То, что верно применительно к второстепенным персонажам (сходные примеры легко продолжить), справедливо и в отношении героев-идеологов. Иван пишет двусмысленную статью о превращении государства в церковь. С одной стороны, статья может быть истолкована как «что-то […] похожее на социализм» (14, 58). Скорее всего, эта интерпретация, высказанная Миусовым, подразумевает антропологию Фейербаха, согласно которому государство было изначально сакральным само по себе, вне веры в Бога, и станет снова таким же после падения религии[284]

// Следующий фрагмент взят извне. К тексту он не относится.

definition trivial_partition :: "'a set \<Rightarrow> 'a set set \<Rightarrow> bool" where
  "trivial_partition V P \<longleftrightarrow> P = (\<lambda>v. {v}) ` V \<or> P = {V}"

definition Lpart :: "nat \<Rightarrow> (nat \<Rightarrow> bit) set \<Rightarrow> (nat \<Rightarrow> bit) set set" where
  "Lpart n W = coset W ` Vec n"

definition LApart :: "(nat \<Rightarrow> bit) set \<Rightarrow> (nat \<Rightarrow> bit) set \<Rightarrow> (nat \<Rightarrow> bit) set
    \<Rightarrow> (nat \<Rightarrow> bit) \<Rightarrow> (nat \<Rightarrow> bit) set set" where
  "LApart U W1 W2 vbar = coset W1 ` U \<union> coset (coset W2 vbar) ` U"

definition linear_partition :: "nat \<Rightarrow> (nat \<Rightarrow> bit) set set \<Rightarrow> bool" where
  "linear_partition n P \<longleftrightarrow> (\<exists>X. f2subspace n X \<and> P = Lpart n X)"

end

(* Let A_j and B_j be the slices of W and W1 in block j, and U_j that of U.
   Since every block of LA_U(W1|W2) meeting U is a coset of W1, the parallel map
   \<gamma> sends each coset W + v with \<gamma> v in U onto W1 + \<gamma> v. Hence
   \<gamma> W = W1, \<gamma>_j A_j = B_j, and for w in W with j-th component a the
   derivative x |-> \<gamma>_j (x + a) + \<gamma>_j x maps the \<gamma>_j-preimage of U_j
   into B_j + \<gamma>_j a, and into B_j - {0} when a is a nonzero element of A_j.
   Differential 2^r-uniformity turns this into |U_j| \<le> 2^r |B_j| and
   |U_j| \<le> 2^r (|B_j| - 1), while U_j is all of (F_2)^m off J_U and has index
   at most 2 on J_U. Strong anti-invariance bounds dim B_j unless
   A_j = B_j = (F_2)^m; comparing the bounds shows that W vanishes on the blocks
   in J_U and contains every block it touches, i.e. W is a sum of blocks.
   Parallel maps permute the cosets of a sum of blocks, so LA_U(W1|W2) = L(W),
   whence W1 = W2 = W, and non-triviality of the partition makes W a wall. *)

theory Submission imports Defs "HOL-Computational_Algebra.Primes"
begin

. С другой стороны, соображения Ивана интерпретируемы и как призыв к установлению теократии — таков подход к ним отца Паисия, формулирующего ту программу переделки мира, которая лежит в основе всего текста Достоевского[285]. Аналогичным образом лжеистинна и речь Алеши, обращенная к Мите (в главе с характерным названием «На минутку ложь стала правдой»). После суда Алеша отговаривает брата подражать Христу, убеждая его скрыться в Америке, поскольку-де в этом случае у Мити не будет соблазна возгордиться принятой на себя мукой. Митя называет Алешу «иезуитом» (15,186), против чего тот не возражает. Алеша спасает невинно осужденного и, следовательно, избавляет мир от несправедливости. В то же время он воспроизводит жест сатаниста, Великого инквизитора, отпустившего Христа из темницы. Imitatio Christi отрицается Алешей так же, как и вождем (пейоративно оцененных в «Братьях Карамазовых») католиков, заботящимся лишь о хлебе насущном (ср. желание Мити стать в Америке хлебопашцем).Итак, Достоевский преподносит читателям высказывания героев, которые сами себя опровергают. Высказыванию как таковому нельзя вполне доверять. Слово у Достоевского неоднопланно, иррефлексивно. Если «Братья Карамазовы» и публицистический текст, то он речь, направленная против речи, которая претендует на самодостаточность. У слова нет самоценности
, т. е. эстетического достоинства. Его истинность или ложность полностью зависят от прагматики (от того, кто его воспринимает, от того, для чего оно говорится, от того, какие события последуют за его употреблением, от того, в каком состоянии его произносят (Григорий, которому калитка померещилась незапертой, был пьян)). Достоевский предвосхитил позднего Виттгенштейна (1958), пришедшего к убеждению в том, что смысл слова — в его использовании[286].Главное свойство человека, по Достоевскому, — его трансгредиентность, нахождение по ту сторону всего
. В терминах самих «Братьев Карамазовых» человек «безудержен» (15,126)[287]. Он выражает свою трансгредиентность в выходе из себя, в аффектах (в страстях, которыми охвачено семейство Карамазовых; ср. особенно: 15, 17–18). Страсть толкает на преступление, каковое есть лишь крайность крайности, манифестация нашей потусторонности. Вместе с тем не-здесь-пребывание человека делает его органически религиозным. Преступление и вера не разделены зияющей пропастью.Конструируя свою антропологию, Достоевский учитывал «Этику» Спинозы, которая требовала от человека избавиться от страстей, с тем чтобы он мог стать подобным бесстрастному Богу. Ориентация Достоевского на Спинозу несомненна постольку, поскольку отрицательное отношение к религиозному чуду в «Братьях Карамазовых» берет свое начало в «Тгасtatus Theologico-Politicus» (1670), где Спиноза противопоставил вере в чудо веру в Бога, который не допускает исключения из Его правил, из законов божественной Природы. Но в отличие от Спинозы Достоевский не полагается на человеческий разум и не убежден в том, что главная наша заслуга — в самосохранении и самоудовлетворенности. Если страсти и снимаемы, то только с помощью внешней (церковной) власти над человеком. Достоевский и признает, и не признает Спинозу. В плане усвоения Достоевским «Этики» учение Зосимы о любви к Земле близко не одним лишь идеям Франциска Ассизского, как обычно и вполне справедливо считается («Laudatio si, mi Signore, // per sora nostra matre terra»[288]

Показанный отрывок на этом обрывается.